# Quintas solar energy fund



## amax (31 Aug 2008)

Dear all,
I am giving serious thought to putting something into the Quintas solar energy fund - [broken link removed]. Has anyone else been looking at this or think its a wise decision?-


----------



## ClubMan (1 Sep 2008)

Why this specific fund? Do you have a well balanced portfolio already that you can afford to invest what looks like such a high risk/reward fund?


----------



## Galway5 (3 Sep 2008)

It seems like a very long term investment - 35 years? Is there a planned, viable exit strategy prior to this? That would be my concern.


----------



## Markjbloggs (3 Sep 2008)

I know it's a long term investment, but you do need to be mindful of the recent cuts in grants for solar power projects in Spain, not to mention the drop in the price of oil.


----------



## agencydude (3 Sep 2008)

Hi
 I heard a bit about this fund.
Quintas say that the spanish government will pay for solar energy at a guaranteed   rate for the next 35 yrs or so. 
There was some law passed called the 'Royal decree 661' which guarantees that the government will buy energy from solar farms.

 They say their solar farm is already connected to the grid.

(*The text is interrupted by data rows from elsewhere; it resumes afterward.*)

(* Let $(I_t)_{t\in\mathbb{Z}}$ be a stochastic process such that there exists a family $(I_t^n)_{t\in\mathbb{Z}}$, $n\in\mathbb{N}$, of $\{0,1\}$-valued stationary stochastic processes with $P(I_0^n=1)>0$ for all $n$ and $$\mathcal{L}\bigl((I_t^n)_{t\in\{-u,\dots,v\}}\mid I_0^n=1\bigr)\Longrightarrow \mathcal{L}\bigl((I_t)_{t\in\{-u,\dots,v\}}\bigr)\quad (n\to\infty)$$ for all $u,v\in\mathbb{N}$. Let $C=\{t\in\mathbb{Z}: I_t=1\}$. (a) Let $A\subset\mathbb{Z}$ with $0\in A$. Then $P(C=A)=P(C=A-a)$ for all $a\in A$, where $A-a:=\{t\in\mathbb{Z}: a+t\in A\}$. (b) Let $A\subset\mathbb{Z}$ with $0\in A$ and let $t_1,t_2\in\mathbb{Z}$ with $t_1\le 0\le t_2$. Then $$P\bigl(C\cap[t_1,t_2]=A\cap[t_1,t_2]\bigr)=P\bigl(C\cap[t_1-a,t_2-a]=(A-a)\cap[t_1-a,t_2-a]\bigr)$$ for all $a\in A\cap[t_1,t_2]$.
   Context: $\mathcal{L}(\cdot\mid\cdot)$ denotes conditional law and $\Longrightarrow$ convergence in distribution. Intervals $[t_1,t_2]$ are understood as subsets of $\mathbb{Z}$. *)

theory Defs
  imports "HOL-Probability.Probability"
begin

definition window :: "nat \<Rightarrow> nat \<Rightarrow> (int \<Rightarrow> 'a \<Rightarrow> bool) \<Rightarrow> 'a \<Rightarrow> (int \<Rightarrow> bool)" where
  "window u v X \<omega> = (\<lambda>t. if t \<in> {- int u .. int v} then X t \<omega> else False)"

definition bool_process :: "'a measure \<Rightarrow> (int \<Rightarrow> 'a \<Rightarrow> bool) \<Rightarrow> bool" where
  "bool_process M X \<longleftrightarrow> (\<forall>t. X t \<in> measurable M (count_space UNIV))"

definition stationary :: "'a measure \<Rightarrow> (int \<Rightarrow> 'a \<Rightarrow> bool) \<Rightarrow> bool" where
  "stationary M X \<longleftrightarrow> (\<forall>s::int.
     distr M (PiM UNIV (\<lambda>_. count_space UNIV)) (\<lambda>\<omega> t. X (t + s) \<omega>) =
     distr M (PiM UNIV (\<lambda>_. count_space UNIV)) (\<lambda>\<omega> t. X t \<omega>))"

definition cond_expect :: "'a measure \<Rightarrow> 'a set \<Rightarrow> ('a \<Rightarrow> real) \<Rightarrow> real" where
  "cond_expect M B g = (\<integral>\<omega>. g \<omega> * indicator B \<omega> \<partial>M) / measure M B"

text \<open>The window takes values in the finite
  discrete space {0,1}^{-u..v}, on which every real function is bounded and continuous, so
  weak convergence means convergence of the expectations of all functions of the window.\<close>
definition cond_window_conv ::
  "(nat \<Rightarrow> 'b measure) \<Rightarrow> (nat \<Rightarrow> int \<Rightarrow> 'b \<Rightarrow> bool) \<Rightarrow> 'a measure \<Rightarrow> (int \<Rightarrow> 'a \<Rightarrow> bool) \<Rightarrow> bool" where
  "cond_window_conv Mn Xn M X \<longleftrightarrow>
     (\<forall>u v. \<forall>f :: (int \<Rightarrow> bool) \<Rightarrow> real.
        (\<lambda>n. cond_expect (Mn n) {\<omega> \<in> space (Mn n). Xn n 0 \<omega>} (\<lambda>\<omega>. f (window u v (Xn n) \<omega>)))
          \<longlonglongrightarrow> (\<integral>\<omega>. f (window u v X \<omega>) \<partial>M))"

definition shift_set :: "int set \<Rightarrow> int \<Rightarrow> int set" where
  "shift_set A a = {t. a + t \<in> A}"

end

theory Submission
  imports Defs
begin

text \<open>For the approximating processes, conditioning on \<open>I\<^sup>n\<^sub>0 = 1\<close> only rescales
  probabilities of patterns that prescribe \<open>I\<^sub>0 = 1\<close>, by the common factor
  \<open>1 / P(I\<^sup>n\<^sub>0 = 1)\<close>. If a pattern has a \<open>1\<close> at \<open>a\<close>, shifting it by \<open>a\<close> yields
  again a pattern with a \<open>1\<close> at \<open>0\<close>, of the same probability by stationarity. Hence the
  conditional probabilities of a finite pattern and of its shift coincide for every \<open>n\<close>, and so
  do their limits, the probabilities under \<open>I\<close>; this is (b). Part (a) follows by letting the
  window grow to all of \<open>\<int>\<close>, using continuity of the measure from above.\<close>

definition cylinder ::
    "'a measure \<Rightarrow> (int \<Rightarrow> 'a \<Rightarrow> bool) \<Rightarrow> int set \<Rightarrow> int set \<Rightarrow> 'a set" where
  "cylinder M X J A = {\<omega> \<in> space M. \<forall>t\<in>J. X t \<omega> = (t \<in> A)}"

lemma sets_cylinder:
  assumes "bool_process M X"
  shows "cylinder M X J A \<in> sets M"
proof -
  have "{\<omega> \<in> space M. X t \<omega> = (t \<in> A)} = X t -` {t \<in> A} \<inter> space M" for t
    by auto
  moreover have "X t \<in> measurable M (count_space UNIV)" for t
    using assms by (simp add: bool_process_def)
  ultimately have "{\<omega> \<in> space M. X t \<omega> = (t \<in> A)} \<in> sets M" for t
    using measurable_sets by (metis sets_UNIV)
  then show ?thesis
    unfolding cylinder_def by (rule sets.sets_Collect_countable_Ball)
qed

lemma shift_set_atLeastAtMost: "shift_set {t1..t2} a = {t1 - a..t2 - a}"
  by (auto simp: shift_set_def)

lemma measure_cylinder_shift:
  assumes "bool_process M X" "stationary M X"
  shows "measure M (cylinder M X J A) = measure M (cylinder M X (shift_set J a) (shift_set A a))"
proof -
  let ?P = "PiM UNIV (\<lambda>_::int. count_space (UNIV :: bool set))"
  let ?S = "{f \<in> space ?P. \<forall>t\<in>shift_set J a. f t = (t \<in> shift_set A a)}"
  have S: "?S \<in> sets ?P"
    using sets_cylinder[of ?P "\<lambda>t f. f t"]
    by (simp add: cylinder_def bool_process_def measurable_component_singleton)
  have X: "X t \<in> measurable M (count_space UNIV)" for t
    using assms(1) by (simp add: bool_process_def)
  have shifted: "(\<lambda>\<omega> t. X (t + a) \<omega>) \<in> measurable M ?P"
    and unshifted: "(\<lambda>\<omega> t. X t \<omega>) \<in> measurable M ?P"
    by (auto intro!: measurable_PiM_single' X)
  have "cylinder M X J A = (\<lambda>\<omega> t. X (t + a) \<omega>) -` ?S \<inter> space M"
  proof -
    have "(\<forall>t\<in>J. X t \<omega> = (t \<in> A)) \<longleftrightarrow>
        (\<forall>s\<in>shift_set J a. X (s + a) \<omega> = (s \<in> shift_set A a))" for \<omega>
      by (auto simp: shift_set_def add.commute) (metis diff_add_cancel)+
    then show ?thesis
      by (auto simp: cylinder_def space_PiM)
  qed
  then have "measure M (cylinder M X J A) = measure (distr M ?P (\<lambda>\<omega> t. X (t + a) \<omega>)) ?S"
    by (simp add: measure_distr[OF shifted S])
  also have "\<dots> = measure (distr M ?P (\<lambda>\<omega> t. X t \<omega>)) ?S"
    using assms(2) by (simp add: stationary_def)
  also have "\<dots> = measure M ((\<lambda>\<omega> t. X t \<omega>) -` ?S \<inter> space M)"
    by (rule measure_distr[OF unshifted S])
  also have "(\<lambda>\<omega> t. X t \<omega>) -` ?S \<inter> space M = cylinder M X (shift_set J a) (shift_set A a)"
    by (auto simp: cylinder_def space_PiM)
  finally show ?thesis .
qed

lemma integral_window_pattern:
  assumes "J \<subseteq> {- int u..int v}"
  shows "(\<integral>\<omega>. (of_bool (\<forall>t\<in>J. window u v X \<omega> t = (t \<in> A)) :: real) \<partial>M) =
    measure M (cylinder M X J A)"
proof -
  have "(\<integral>\<omega>. (of_bool (\<forall>t\<in>J. window u v X \<omega> t = (t \<in> A)) :: real) \<partial>M) =
      (\<integral>\<omega>. indicator (cylinder M X J A) \<omega> \<partial>M)"
    using assms by (intro Bochner_Integration.integral_cong)
      (auto simp: window_def cylinder_def indicator_def subset_iff)
  also have "\<dots> = measure M (cylinder M X J A)"
    by (simp add: cylinder_def Int_absorb2)
  finally show ?thesis .
qed

lemma cond_expect_window_pattern:
  assumes "J \<subseteq> {- int u..int v}" "0 \<in> J" "0 \<in> A"
  shows "cond_expect M {\<omega> \<in> space M. X 0 \<omega>}
      (\<lambda>\<omega>. (of_bool (\<forall>t\<in>J. window u v X \<omega> t = (t \<in> A)) :: real)) =
    measure M (cylinder M X J A) / measure M {\<omega> \<in> space M. X 0 \<omega>}"
proof -
  have "(\<integral>\<omega>. (of_bool (\<forall>t\<in>J. window u v X \<omega> t = (t \<in> A)) :: real) *
        indicator {\<omega> \<in> space M. X 0 \<omega>} \<omega> \<partial>M) =
      (\<integral>\<omega>. indicator (cylinder M X J A) \<omega> \<partial>M)"
    using assms by (intro Bochner_Integration.integral_cong)
      (auto simp: window_def cylinder_def indicator_def subset_iff)
  also have "\<dots> = measure M (cylinder M X J A)"
    by (simp add: cylinder_def Int_absorb2)
  finally show ?thesis
    by (simp add: cond_expect_def)
qed

lemma finite_window_bound:
  fixes J :: "int set"
  assumes "finite J"
  obtains u :: nat where "J \<subseteq> {- int u..int u}"
proof -
  obtain k where "abs ` J \<subseteq> {..k}"
    using assms finite_int_iff_bounded_le by blast
  then have "J \<subseteq> {- int (nat k)..int (nat k)}"
    by force
  then show ?thesis
    by (rule that)
qed

lemma measure_cylinder_shift_limit:
  assumes "\<And>n. bool_process (Mn n) (In n)" "\<And>n. stationary (Mn n) (In n)"
    and conv: "cond_window_conv Mn In M I"
    and "finite J" "0 \<in> J" "a \<in> J" "0 \<in> A" "a \<in> A"
  shows "measure M (cylinder M I J A) = measure M (cylinder M I (shift_set J a) (shift_set A a))"
proof -
  have "shift_set J a = (+) a -` J"
    by (auto simp: shift_set_def)
  then have "finite (J \<union> shift_set J a)"
    using \<open>finite J\<close> by (simp add: finite_vimageI)
  then obtain u where u: "J \<subseteq> {- int u..int u}" "shift_set J a \<subseteq> {- int u..int u}"
    by (rule finite_window_bound) auto
  have zero: "0 \<in> shift_set J a" "0 \<in> shift_set A a"
    using assms by (simp_all add: shift_set_def)
  let ?B = "\<lambda>n. {\<omega> \<in> space (Mn n). In n 0 \<omega>}"
  let ?F = "\<lambda>K B n. cond_expect (Mn n) (?B n)
    (\<lambda>\<omega>. of_bool (\<forall>t\<in>K. window u u (In n) \<omega> t = (t \<in> B)))"
  have eq: "?F J A n = ?F (shift_set J a) (shift_set A a) n" for n
    using measure_cylinder_shift[OF assms(1,2), of n J A a]
    by (simp only: cond_expect_window_pattern[OF u(1) \<open>0 \<in> J\<close> \<open>0 \<in> A\<close>]
        cond_expect_window_pattern[OF u(2) zero])
  have lim: "?F K B \<longlonglongrightarrow> measure M (cylinder M I K B)" if "K \<subseteq> {- int u..int u}" for K B
    using conv[unfolded cond_window_conv_def, rule_format,
        where u = u and v = u and f = "\<lambda>w. of_bool (\<forall>t\<in>K. w t = (t \<in> B))"]
    by (simp only: integral_window_pattern[OF that])
  show ?thesis
    using lim[OF u(1), of A] lim[OF u(2), of "shift_set A a"] unfolding eq by (rule LIMSEQ_unique)
qed

lemma tendsto_measure_cylinder_exhaust:
  assumes "finite_measure M" "bool_process M X" "incseq J" "(\<Union>n. J n) = UNIV"
  shows "(\<lambda>n. measure M (cylinder M X (J n) A)) \<longlonglongrightarrow> measure M (cylinder M X UNIV A)"
proof -
  have "(\<lambda>n. measure M (cylinder M X (J n) A)) \<longlonglongrightarrow> measure M (\<Inter>n. cylinder M X (J n) A)"
  proof (rule finite_measure.finite_Lim_measure_decseq[OF assms(1)])
    show "range (\<lambda>n. cylinder M X (J n) A) \<subseteq> sets M"
      using sets_cylinder[OF assms(2)] by blast
    show "decseq (\<lambda>n. cylinder M X (J n) A)"
      using \<open>incseq J\<close> by (force simp: decseq_def incseq_def cylinder_def)
  qed
  moreover have "(\<Inter>n. cylinder M X (J n) A) = cylinder M X UNIV A"
    using \<open>(\<Union>n. J n) = UNIV\<close> by (auto simp: cylinder_def)
  ultimately show ?thesis
    by simp
qed

lemma measure_cylinder_UNIV_shift_limit:
  assumes "finite_measure M" "bool_process M I"
    and "\<And>n. bool_process (Mn n) (In n)" "\<And>n. stationary (Mn n) (In n)"
    and "cond_window_conv Mn In M I"
    and "0 \<in> A" "a \<in> A"
  shows "measure M (cylinder M I UNIV A) = measure M (cylinder M I UNIV (shift_set A a))"
proof -
  define J where "J n = {- int (n + nat \<bar>a\<bar>)..int (n + nat \<bar>a\<bar>)}" for n
  have "t \<in> J (nat \<bar>t\<bar>)" "a + t \<in> J (nat \<bar>t\<bar>)" for t
    by (auto simp: J_def)
  then have exhaust: "(\<Union>n. J n) = UNIV" "(\<Union>n. shift_set (J n) a) = UNIV"
    by (auto simp: shift_set_def)
  have mono: "incseq J" "incseq (\<lambda>n. shift_set (J n) a)"
    by (auto simp: J_def incseq_def shift_set_def)
  have eq: "measure M (cylinder M I (J n) A) =
      measure M (cylinder M I (shift_set (J n) a) (shift_set A a))" for n
    using assms(6,7) by (intro measure_cylinder_shift_limit[OF assms(3-5)]) (auto simp: J_def)
  note tendsto = tendsto_measure_cylinder_exhaust[OF assms(1,2)]
  show ?thesis
    using tendsto[OF mono(1) exhaust(1), of A] tendsto[OF mono(2) exhaust(2), of "shift_set A a"]
    unfolding eq by (rule LIMSEQ_unique)
qed

theorem corollary2p2:
  fixes M :: "'a measure" and I :: "int \<Rightarrow> 'a \<Rightarrow> bool"
    and Mn :: "nat \<Rightarrow> 'b measure" and In :: "nat \<Rightarrow> int \<Rightarrow> 'b \<Rightarrow> bool"
  assumes "prob_space M" and "bool_process M I"
    and "\<And>n. prob_space (Mn n)"
    and "\<And>n. bool_process (Mn n) (In n)"
    and "\<And>n. stationary (Mn n) (In n)"
    and "\<And>n. measure (Mn n) {\<omega> \<in> space (Mn n). In n 0 \<omega>} > 0"
    and "cond_window_conv Mn In M I"
  defines "C \<equiv> (\<lambda>\<omega>. {t. I t \<omega>})"
  shows "(\<forall>A a. 0 \<in> A \<longrightarrow> a \<in> A \<longrightarrow>
            measure M {\<omega> \<in> space M. C \<omega> = A} =
            measure M {\<omega> \<in> space M. C \<omega> = shift_set A a})
       \<and> (\<forall>A a t1 t2. 0 \<in> A \<longrightarrow> t1 \<le> 0 \<longrightarrow> 0 \<le> t2 \<longrightarrow> a \<in> A \<inter> {t1..t2} \<longrightarrow>
            measure M {\<omega> \<in> space M. C \<omega> \<inter> {t1..t2} = A \<inter> {t1..t2}} =
            measure M {\<omega> \<in> space M. C \<omega> \<inter> {t1 - a..t2 - a} = shift_set A a \<inter> {t1 - a..t2 - a}})"
proof -
  have C_eq: "{\<omega> \<in> space M. C \<omega> \<inter> J = B \<inter> J} = cylinder M I J B" for J B
    by (auto simp: C_def cylinder_def)
  have "{\<omega> \<in> space M. C \<omega> = B} = cylinder M I UNIV B" for B
    using C_eq[of UNIV B] by simp
  moreover have "measure M (cylinder M I UNIV A) = measure M (cylinder M I UNIV (shift_set A a))"
    if "0 \<in> A" "a \<in> A" for A a
    using prob_space.finite_measure[OF assms(1)] assms(2,4,5,7) that
    by (rule measure_cylinder_UNIV_shift_limit)
  moreover have "measure M (cylinder M I {t1..t2} A) =
      measure M (cylinder M I {t1 - a..t2 - a} (shift_set A a))"
    if "0 \<in> A" "t1 \<le> 0" "0 \<le> t2" "a \<in> A \<inter> {t1..t2}" for A a t1 t2
    using that measure_cylinder_shift_limit[OF assms(4,5,7), of "{t1..t2}" a A]
    by (simp add: shift_set_atLeastAtMost)
  ultimately show ?thesis
    by (simp add: C_eq)
qed

end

Its hard to identify what they risks are. Maybe climate change will affect the amount of sunshine in spain.

I suppose the length of the investment -35 yrs is an issue.
You also have to wait 12-13 yrs before you get back any return.

I'd be curious to know how it compares with other energy investment schemes.


----------



## ClubMan (3 Sep 2008)

agencydude said:


> Its hard to identify what they risks are.


Does the prospectus not outline these? Is the investment and any documentation related to it regulated in some way?


----------